EXERCISE OBJECTIVE: In the material below, find every line containing the string "disjE" and return it.

MATERIAL FOR THIS TASK:

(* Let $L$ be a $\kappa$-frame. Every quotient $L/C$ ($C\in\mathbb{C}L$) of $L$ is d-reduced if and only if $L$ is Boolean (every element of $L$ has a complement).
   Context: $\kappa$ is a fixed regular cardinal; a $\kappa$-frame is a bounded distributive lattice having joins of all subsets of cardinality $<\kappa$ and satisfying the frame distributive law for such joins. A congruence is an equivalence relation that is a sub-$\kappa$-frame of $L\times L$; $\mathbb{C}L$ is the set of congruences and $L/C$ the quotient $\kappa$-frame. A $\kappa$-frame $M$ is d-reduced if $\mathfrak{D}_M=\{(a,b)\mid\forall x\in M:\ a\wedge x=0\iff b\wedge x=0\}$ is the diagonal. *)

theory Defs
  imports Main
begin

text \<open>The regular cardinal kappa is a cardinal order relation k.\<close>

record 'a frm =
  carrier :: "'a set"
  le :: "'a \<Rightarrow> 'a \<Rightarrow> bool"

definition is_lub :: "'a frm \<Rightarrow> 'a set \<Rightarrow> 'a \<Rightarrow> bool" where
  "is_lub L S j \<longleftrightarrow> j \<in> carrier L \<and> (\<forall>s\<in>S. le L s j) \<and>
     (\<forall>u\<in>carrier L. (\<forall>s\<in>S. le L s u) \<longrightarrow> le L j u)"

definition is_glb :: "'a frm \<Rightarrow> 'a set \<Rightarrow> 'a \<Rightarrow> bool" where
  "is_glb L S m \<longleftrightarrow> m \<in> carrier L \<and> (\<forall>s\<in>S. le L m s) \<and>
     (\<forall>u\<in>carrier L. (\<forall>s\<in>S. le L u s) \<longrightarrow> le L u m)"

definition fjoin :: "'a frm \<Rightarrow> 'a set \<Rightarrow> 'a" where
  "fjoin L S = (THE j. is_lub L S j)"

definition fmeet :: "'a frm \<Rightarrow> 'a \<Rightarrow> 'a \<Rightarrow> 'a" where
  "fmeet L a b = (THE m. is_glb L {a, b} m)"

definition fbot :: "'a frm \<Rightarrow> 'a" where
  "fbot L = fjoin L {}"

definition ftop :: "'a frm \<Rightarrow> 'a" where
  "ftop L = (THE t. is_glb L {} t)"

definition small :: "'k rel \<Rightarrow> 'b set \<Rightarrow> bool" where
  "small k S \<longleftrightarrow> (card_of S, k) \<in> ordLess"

---

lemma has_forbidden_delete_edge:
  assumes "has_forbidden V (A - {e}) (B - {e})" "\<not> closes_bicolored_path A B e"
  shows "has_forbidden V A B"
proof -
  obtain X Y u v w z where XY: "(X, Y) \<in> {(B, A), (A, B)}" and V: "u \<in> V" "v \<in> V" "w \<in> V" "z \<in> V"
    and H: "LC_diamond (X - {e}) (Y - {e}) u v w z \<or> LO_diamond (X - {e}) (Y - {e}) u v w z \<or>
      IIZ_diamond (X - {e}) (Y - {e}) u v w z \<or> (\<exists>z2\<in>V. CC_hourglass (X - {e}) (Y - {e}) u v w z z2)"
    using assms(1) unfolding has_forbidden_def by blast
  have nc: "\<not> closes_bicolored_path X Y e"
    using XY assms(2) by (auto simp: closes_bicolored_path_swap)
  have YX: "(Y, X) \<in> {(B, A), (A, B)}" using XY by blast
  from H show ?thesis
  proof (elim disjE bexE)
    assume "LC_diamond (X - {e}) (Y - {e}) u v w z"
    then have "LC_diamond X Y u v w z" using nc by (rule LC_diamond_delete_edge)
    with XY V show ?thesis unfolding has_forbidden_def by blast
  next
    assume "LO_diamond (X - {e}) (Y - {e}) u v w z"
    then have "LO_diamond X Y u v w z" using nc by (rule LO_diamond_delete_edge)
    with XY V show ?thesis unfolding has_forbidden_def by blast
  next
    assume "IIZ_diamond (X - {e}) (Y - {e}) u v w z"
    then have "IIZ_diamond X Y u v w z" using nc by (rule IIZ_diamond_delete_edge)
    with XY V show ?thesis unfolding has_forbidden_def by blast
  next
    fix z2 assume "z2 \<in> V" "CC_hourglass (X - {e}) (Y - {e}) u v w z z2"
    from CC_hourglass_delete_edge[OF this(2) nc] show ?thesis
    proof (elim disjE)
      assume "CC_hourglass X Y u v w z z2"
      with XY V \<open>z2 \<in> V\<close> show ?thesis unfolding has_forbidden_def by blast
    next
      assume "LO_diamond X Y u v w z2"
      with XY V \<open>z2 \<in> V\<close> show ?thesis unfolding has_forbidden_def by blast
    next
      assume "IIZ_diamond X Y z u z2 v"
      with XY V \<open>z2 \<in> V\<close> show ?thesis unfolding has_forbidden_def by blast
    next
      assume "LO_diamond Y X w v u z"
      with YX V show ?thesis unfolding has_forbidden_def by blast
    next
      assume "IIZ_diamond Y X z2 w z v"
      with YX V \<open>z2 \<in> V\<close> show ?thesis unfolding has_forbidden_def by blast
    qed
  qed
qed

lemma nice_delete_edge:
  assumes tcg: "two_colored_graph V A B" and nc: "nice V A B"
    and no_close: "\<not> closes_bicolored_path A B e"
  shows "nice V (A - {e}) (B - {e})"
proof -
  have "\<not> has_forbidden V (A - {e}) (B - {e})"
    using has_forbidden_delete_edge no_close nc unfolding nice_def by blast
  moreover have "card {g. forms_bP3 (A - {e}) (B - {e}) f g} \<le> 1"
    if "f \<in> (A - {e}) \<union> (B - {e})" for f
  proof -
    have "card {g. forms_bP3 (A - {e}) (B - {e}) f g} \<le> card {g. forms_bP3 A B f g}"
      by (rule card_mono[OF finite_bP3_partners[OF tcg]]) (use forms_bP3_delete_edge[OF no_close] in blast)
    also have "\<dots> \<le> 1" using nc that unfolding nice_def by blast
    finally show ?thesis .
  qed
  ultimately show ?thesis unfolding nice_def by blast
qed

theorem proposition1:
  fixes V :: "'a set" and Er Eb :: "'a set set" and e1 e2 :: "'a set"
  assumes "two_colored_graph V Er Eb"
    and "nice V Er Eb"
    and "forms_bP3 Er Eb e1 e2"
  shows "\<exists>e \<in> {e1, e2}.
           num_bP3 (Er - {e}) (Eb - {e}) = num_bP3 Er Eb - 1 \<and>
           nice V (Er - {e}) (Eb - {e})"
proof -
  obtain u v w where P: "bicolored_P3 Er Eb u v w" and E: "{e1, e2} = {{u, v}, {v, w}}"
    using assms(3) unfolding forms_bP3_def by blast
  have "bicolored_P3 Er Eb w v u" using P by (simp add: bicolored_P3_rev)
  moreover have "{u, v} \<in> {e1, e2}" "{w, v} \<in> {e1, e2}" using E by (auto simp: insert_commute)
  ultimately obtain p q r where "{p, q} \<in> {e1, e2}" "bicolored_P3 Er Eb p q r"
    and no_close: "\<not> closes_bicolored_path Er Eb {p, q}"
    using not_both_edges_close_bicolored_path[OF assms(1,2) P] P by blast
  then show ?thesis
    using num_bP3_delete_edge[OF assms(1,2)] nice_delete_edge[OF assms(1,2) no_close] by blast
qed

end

SOLUTION TO THIS TASK:
  proof (elim disjE bexE)
    proof (elim disjE)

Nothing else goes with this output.